### Assignment
What is the number of lines below that hold "conjI"? Answer with that number only.

Saved entries

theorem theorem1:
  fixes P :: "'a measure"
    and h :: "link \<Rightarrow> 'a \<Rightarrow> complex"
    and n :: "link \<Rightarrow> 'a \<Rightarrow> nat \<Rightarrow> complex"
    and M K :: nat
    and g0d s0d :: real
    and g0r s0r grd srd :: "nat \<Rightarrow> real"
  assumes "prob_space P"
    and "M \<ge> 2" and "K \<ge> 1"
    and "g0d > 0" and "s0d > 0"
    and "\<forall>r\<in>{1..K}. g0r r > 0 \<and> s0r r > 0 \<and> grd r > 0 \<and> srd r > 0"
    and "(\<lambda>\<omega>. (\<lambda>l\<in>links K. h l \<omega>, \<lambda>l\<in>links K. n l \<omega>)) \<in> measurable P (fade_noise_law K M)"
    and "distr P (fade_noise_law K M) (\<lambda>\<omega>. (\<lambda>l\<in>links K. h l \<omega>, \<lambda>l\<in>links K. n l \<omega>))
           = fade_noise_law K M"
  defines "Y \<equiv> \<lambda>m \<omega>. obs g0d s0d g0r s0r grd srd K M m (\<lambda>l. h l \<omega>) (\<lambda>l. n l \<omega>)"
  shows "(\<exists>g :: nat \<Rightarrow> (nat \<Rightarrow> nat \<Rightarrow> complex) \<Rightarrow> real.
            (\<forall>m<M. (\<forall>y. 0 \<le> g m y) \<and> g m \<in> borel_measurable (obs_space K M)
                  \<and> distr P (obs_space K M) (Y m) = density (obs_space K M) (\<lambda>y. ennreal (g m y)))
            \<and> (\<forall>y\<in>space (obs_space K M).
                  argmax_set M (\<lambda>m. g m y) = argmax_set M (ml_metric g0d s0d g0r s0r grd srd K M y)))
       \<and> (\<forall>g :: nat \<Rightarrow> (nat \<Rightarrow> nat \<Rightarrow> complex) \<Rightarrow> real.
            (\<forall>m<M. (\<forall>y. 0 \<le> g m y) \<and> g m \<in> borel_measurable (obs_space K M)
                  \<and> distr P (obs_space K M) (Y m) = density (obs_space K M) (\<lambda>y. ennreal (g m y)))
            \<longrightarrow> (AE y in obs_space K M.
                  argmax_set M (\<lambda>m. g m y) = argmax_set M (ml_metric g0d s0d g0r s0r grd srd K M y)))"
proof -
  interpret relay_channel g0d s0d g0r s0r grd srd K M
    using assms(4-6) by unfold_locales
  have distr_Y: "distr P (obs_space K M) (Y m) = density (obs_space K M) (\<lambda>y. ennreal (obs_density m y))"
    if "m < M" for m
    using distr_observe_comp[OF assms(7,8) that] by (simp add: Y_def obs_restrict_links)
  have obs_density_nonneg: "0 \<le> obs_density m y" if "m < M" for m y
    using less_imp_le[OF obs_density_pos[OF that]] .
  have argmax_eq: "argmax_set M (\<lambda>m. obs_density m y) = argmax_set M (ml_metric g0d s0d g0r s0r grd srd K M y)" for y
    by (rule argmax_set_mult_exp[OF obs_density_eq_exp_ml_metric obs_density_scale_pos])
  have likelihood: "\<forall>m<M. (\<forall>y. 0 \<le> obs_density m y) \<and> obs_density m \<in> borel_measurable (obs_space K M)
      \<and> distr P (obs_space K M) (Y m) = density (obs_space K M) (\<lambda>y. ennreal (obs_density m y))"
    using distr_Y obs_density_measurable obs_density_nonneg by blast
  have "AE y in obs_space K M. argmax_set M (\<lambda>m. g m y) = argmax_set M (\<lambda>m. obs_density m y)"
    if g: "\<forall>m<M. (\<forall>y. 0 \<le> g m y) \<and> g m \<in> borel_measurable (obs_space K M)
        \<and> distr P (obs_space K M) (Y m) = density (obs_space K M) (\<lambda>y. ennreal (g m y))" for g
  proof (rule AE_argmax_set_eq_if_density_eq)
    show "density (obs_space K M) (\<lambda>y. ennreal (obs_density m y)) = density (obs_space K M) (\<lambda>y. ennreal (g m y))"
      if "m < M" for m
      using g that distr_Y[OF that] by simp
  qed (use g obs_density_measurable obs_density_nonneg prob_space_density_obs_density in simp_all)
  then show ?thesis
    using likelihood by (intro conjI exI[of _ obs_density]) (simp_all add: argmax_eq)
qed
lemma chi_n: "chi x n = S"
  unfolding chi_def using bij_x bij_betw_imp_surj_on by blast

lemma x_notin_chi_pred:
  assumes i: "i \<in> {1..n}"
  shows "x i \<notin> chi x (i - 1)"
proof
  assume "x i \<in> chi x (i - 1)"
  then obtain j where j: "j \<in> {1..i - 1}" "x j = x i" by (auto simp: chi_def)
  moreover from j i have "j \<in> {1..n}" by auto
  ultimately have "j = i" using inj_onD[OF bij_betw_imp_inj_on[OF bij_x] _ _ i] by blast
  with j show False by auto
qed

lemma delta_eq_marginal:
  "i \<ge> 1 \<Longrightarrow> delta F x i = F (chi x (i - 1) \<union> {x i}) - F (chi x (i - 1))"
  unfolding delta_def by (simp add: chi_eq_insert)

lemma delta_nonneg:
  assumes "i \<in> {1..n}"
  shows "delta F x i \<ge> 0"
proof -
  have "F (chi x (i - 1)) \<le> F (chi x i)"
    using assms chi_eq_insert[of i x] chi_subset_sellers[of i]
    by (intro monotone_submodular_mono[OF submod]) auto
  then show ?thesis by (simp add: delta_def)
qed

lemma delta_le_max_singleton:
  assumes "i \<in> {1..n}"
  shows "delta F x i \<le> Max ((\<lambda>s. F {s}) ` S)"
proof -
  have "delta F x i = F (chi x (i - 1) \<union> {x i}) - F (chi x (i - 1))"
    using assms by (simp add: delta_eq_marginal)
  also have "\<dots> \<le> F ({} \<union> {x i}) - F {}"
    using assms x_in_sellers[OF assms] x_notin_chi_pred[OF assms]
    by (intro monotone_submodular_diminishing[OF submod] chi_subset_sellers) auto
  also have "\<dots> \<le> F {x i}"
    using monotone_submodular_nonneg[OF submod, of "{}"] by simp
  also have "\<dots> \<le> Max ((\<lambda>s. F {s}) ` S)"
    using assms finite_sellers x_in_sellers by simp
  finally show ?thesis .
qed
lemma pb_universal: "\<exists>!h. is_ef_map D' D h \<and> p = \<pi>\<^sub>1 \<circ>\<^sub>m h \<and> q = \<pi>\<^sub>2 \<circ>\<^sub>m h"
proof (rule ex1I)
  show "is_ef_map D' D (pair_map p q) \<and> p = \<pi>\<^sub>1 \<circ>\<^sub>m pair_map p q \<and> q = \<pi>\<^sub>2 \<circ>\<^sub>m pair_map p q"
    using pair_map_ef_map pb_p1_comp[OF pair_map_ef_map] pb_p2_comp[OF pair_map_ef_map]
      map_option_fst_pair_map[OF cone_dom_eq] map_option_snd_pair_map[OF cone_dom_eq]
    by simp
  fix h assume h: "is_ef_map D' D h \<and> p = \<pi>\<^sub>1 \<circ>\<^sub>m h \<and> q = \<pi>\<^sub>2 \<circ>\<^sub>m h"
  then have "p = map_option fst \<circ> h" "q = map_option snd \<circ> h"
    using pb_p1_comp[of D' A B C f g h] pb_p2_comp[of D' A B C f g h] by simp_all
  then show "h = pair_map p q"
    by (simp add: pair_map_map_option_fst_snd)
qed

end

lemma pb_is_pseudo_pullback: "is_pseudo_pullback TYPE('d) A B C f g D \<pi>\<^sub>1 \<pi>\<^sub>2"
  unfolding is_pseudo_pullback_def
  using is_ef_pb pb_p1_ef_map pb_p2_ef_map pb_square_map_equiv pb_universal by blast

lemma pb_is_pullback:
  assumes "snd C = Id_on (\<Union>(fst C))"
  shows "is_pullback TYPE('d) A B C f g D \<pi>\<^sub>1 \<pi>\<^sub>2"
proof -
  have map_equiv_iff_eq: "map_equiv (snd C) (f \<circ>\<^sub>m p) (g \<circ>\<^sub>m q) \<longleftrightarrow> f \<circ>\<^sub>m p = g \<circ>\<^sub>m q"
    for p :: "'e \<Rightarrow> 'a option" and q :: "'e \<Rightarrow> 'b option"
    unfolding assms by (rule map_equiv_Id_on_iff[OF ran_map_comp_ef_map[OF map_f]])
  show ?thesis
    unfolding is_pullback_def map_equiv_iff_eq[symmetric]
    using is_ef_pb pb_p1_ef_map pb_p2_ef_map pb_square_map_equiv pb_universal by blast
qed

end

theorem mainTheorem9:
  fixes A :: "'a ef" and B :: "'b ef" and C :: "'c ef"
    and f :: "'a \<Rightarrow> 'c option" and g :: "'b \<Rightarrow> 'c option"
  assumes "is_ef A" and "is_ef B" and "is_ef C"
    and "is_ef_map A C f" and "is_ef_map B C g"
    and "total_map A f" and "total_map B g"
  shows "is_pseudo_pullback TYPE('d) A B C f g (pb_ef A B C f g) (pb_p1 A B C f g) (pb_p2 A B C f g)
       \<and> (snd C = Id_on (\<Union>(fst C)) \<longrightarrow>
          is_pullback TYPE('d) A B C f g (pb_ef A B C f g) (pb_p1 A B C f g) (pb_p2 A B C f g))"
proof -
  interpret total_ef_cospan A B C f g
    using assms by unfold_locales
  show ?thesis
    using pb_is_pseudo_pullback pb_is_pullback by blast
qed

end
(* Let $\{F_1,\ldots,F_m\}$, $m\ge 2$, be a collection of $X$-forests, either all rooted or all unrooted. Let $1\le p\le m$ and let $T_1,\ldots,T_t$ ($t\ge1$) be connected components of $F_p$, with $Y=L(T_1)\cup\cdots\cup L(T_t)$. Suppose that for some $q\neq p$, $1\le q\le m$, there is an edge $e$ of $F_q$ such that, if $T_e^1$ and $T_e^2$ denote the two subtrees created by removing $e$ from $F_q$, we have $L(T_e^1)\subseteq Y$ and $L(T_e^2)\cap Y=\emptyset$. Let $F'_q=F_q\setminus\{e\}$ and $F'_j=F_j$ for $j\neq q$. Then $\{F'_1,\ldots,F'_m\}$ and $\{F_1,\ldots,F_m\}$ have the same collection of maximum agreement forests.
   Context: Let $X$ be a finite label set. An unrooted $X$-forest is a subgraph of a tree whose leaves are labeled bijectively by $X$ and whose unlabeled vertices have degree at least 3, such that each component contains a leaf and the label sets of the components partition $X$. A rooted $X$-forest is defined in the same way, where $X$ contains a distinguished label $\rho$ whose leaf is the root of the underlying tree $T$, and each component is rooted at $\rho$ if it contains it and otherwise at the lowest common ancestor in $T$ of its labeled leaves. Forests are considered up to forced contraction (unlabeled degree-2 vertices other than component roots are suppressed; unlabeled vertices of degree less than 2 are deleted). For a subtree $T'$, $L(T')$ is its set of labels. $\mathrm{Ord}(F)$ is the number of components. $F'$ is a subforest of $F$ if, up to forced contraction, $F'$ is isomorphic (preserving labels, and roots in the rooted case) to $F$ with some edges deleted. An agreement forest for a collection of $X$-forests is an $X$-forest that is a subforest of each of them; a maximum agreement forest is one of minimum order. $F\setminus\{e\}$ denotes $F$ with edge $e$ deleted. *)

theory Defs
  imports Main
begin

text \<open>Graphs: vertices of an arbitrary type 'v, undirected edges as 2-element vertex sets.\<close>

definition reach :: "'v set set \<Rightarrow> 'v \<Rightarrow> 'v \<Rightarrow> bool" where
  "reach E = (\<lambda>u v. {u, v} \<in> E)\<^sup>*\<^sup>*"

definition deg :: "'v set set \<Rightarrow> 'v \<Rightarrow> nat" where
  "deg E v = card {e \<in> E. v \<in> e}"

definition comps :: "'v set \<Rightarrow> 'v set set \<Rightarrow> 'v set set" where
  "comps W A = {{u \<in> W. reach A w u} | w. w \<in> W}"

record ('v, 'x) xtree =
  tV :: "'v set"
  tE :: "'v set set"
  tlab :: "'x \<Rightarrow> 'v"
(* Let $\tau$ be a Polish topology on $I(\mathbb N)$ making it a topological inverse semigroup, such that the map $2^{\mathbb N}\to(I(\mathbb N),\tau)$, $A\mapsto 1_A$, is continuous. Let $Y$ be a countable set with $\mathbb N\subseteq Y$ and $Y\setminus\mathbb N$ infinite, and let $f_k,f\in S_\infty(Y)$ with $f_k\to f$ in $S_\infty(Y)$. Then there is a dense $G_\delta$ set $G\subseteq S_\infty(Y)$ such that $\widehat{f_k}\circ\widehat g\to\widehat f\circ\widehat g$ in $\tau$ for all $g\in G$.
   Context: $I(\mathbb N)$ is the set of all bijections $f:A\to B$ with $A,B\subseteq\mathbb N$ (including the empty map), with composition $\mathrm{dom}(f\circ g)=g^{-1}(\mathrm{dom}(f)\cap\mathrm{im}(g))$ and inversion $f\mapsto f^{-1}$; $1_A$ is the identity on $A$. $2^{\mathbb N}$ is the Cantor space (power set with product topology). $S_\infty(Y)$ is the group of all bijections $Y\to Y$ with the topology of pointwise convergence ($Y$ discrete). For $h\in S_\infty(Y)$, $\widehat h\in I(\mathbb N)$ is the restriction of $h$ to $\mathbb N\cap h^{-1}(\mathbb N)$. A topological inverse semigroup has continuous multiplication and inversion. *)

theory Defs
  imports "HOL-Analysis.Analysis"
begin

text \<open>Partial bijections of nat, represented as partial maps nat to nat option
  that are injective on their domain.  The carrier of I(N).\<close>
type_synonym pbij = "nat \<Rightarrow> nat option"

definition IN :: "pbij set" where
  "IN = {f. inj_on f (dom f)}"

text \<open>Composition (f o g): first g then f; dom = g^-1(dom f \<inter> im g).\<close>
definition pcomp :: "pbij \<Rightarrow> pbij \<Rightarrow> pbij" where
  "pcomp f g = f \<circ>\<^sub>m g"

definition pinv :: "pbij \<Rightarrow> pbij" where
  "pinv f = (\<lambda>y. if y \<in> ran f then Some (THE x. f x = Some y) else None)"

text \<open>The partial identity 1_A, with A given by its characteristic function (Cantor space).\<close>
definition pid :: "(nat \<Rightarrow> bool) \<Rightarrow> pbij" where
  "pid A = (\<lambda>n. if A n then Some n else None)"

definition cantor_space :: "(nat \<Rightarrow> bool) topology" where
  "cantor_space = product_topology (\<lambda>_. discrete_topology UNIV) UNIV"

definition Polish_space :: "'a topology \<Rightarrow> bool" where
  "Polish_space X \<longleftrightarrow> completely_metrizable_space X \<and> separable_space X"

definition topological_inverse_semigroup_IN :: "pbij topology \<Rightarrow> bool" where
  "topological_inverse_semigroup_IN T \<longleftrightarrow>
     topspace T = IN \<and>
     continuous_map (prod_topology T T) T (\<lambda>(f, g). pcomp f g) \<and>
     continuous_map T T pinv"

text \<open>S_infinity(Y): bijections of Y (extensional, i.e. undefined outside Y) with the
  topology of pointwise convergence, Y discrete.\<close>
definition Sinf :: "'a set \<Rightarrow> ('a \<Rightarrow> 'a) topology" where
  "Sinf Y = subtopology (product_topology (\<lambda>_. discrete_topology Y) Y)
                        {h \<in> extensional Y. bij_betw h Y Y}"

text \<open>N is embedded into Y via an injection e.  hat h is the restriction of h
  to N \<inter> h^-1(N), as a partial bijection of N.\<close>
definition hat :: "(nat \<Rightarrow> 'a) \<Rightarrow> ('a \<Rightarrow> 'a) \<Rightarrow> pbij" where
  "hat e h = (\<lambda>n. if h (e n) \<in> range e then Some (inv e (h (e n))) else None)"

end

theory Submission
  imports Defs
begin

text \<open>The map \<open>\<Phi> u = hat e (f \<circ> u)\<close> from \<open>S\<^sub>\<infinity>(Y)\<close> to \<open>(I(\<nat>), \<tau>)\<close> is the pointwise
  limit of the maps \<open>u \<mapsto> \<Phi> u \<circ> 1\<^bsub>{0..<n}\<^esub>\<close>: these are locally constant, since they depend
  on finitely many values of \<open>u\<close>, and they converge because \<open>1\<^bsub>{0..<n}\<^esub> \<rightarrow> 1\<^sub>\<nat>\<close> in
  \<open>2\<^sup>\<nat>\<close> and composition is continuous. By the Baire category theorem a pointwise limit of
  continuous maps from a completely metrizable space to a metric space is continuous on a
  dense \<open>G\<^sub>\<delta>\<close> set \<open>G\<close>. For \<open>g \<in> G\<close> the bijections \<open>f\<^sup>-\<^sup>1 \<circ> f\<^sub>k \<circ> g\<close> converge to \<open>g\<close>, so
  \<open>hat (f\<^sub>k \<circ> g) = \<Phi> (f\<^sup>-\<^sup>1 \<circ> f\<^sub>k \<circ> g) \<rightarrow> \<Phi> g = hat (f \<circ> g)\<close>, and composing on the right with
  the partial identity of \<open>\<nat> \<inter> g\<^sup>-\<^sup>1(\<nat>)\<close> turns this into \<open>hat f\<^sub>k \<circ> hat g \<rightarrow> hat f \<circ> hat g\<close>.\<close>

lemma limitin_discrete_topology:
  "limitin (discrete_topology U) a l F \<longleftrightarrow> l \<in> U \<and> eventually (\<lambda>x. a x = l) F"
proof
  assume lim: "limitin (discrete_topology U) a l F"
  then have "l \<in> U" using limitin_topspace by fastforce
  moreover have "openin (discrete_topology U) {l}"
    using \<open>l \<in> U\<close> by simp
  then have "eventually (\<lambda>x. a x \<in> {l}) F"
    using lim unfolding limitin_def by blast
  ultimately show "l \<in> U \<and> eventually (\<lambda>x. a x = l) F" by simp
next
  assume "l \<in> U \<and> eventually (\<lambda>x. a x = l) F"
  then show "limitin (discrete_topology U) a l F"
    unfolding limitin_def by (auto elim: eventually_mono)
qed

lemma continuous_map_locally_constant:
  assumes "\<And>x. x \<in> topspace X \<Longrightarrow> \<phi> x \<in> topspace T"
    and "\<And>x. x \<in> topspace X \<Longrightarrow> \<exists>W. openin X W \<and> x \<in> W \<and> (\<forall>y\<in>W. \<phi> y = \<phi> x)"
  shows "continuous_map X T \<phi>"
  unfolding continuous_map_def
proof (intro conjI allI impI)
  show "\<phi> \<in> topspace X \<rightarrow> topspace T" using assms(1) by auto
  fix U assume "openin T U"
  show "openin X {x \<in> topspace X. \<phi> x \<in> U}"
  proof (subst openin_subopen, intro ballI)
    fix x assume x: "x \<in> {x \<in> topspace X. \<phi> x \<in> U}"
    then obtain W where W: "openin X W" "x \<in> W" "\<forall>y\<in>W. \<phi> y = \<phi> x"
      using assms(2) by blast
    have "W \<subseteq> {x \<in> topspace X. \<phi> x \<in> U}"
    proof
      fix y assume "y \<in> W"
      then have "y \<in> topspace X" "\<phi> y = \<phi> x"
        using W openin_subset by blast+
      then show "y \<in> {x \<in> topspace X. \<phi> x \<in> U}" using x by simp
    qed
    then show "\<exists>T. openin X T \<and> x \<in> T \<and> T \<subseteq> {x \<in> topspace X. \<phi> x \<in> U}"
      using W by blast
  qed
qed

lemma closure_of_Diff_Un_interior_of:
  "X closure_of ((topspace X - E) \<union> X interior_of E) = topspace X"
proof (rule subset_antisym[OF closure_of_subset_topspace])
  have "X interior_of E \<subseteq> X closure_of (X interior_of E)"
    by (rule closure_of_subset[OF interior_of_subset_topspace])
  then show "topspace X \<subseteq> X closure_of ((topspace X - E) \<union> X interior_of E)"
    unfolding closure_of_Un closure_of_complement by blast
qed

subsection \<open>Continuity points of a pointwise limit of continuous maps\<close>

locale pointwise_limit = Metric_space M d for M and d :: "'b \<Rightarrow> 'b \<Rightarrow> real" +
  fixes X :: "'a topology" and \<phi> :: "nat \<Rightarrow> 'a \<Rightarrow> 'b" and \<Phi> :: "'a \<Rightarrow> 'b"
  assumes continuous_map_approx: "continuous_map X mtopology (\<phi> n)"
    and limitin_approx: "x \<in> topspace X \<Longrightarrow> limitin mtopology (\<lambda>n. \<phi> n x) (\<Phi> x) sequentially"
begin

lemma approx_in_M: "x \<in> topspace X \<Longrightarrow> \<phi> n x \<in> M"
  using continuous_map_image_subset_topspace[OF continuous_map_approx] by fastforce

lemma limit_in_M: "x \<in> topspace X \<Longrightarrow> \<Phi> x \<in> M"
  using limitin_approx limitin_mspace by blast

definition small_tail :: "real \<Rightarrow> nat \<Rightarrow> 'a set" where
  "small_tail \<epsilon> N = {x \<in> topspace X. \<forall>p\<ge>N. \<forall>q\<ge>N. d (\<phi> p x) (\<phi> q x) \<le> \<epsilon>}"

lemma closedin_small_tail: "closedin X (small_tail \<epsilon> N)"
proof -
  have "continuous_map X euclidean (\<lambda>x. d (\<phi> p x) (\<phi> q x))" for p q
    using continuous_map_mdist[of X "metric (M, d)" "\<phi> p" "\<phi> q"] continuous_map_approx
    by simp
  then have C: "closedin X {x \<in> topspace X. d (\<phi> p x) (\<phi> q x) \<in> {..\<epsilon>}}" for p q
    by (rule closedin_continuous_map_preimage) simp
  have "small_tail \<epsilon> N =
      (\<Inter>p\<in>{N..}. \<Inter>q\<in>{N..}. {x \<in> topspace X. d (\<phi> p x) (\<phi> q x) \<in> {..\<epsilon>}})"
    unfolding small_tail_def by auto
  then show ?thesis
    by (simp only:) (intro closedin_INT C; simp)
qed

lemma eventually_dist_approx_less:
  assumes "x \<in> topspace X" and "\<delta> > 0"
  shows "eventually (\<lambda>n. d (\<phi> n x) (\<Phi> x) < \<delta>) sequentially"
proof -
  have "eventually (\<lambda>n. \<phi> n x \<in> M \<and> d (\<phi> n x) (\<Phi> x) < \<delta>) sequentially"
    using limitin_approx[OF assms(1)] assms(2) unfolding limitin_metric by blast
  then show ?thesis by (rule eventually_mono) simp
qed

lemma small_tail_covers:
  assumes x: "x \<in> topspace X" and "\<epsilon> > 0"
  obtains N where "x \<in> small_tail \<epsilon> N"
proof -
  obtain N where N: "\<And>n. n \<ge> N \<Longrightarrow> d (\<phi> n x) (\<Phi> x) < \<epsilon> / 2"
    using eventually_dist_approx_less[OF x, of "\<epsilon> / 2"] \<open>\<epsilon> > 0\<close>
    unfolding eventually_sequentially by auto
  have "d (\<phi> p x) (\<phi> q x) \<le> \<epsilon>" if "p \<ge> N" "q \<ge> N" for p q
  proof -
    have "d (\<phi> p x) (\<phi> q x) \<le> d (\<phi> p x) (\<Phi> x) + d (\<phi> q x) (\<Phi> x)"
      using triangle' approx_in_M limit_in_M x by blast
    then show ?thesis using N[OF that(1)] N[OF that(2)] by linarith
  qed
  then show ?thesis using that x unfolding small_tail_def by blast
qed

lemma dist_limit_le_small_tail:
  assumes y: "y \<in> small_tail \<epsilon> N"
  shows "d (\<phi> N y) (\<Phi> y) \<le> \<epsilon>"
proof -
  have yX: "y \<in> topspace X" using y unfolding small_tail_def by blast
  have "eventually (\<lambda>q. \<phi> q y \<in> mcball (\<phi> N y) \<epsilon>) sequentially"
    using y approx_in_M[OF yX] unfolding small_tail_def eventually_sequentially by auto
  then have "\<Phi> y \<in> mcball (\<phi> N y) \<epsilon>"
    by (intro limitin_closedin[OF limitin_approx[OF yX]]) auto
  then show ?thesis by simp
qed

### Result of this task
2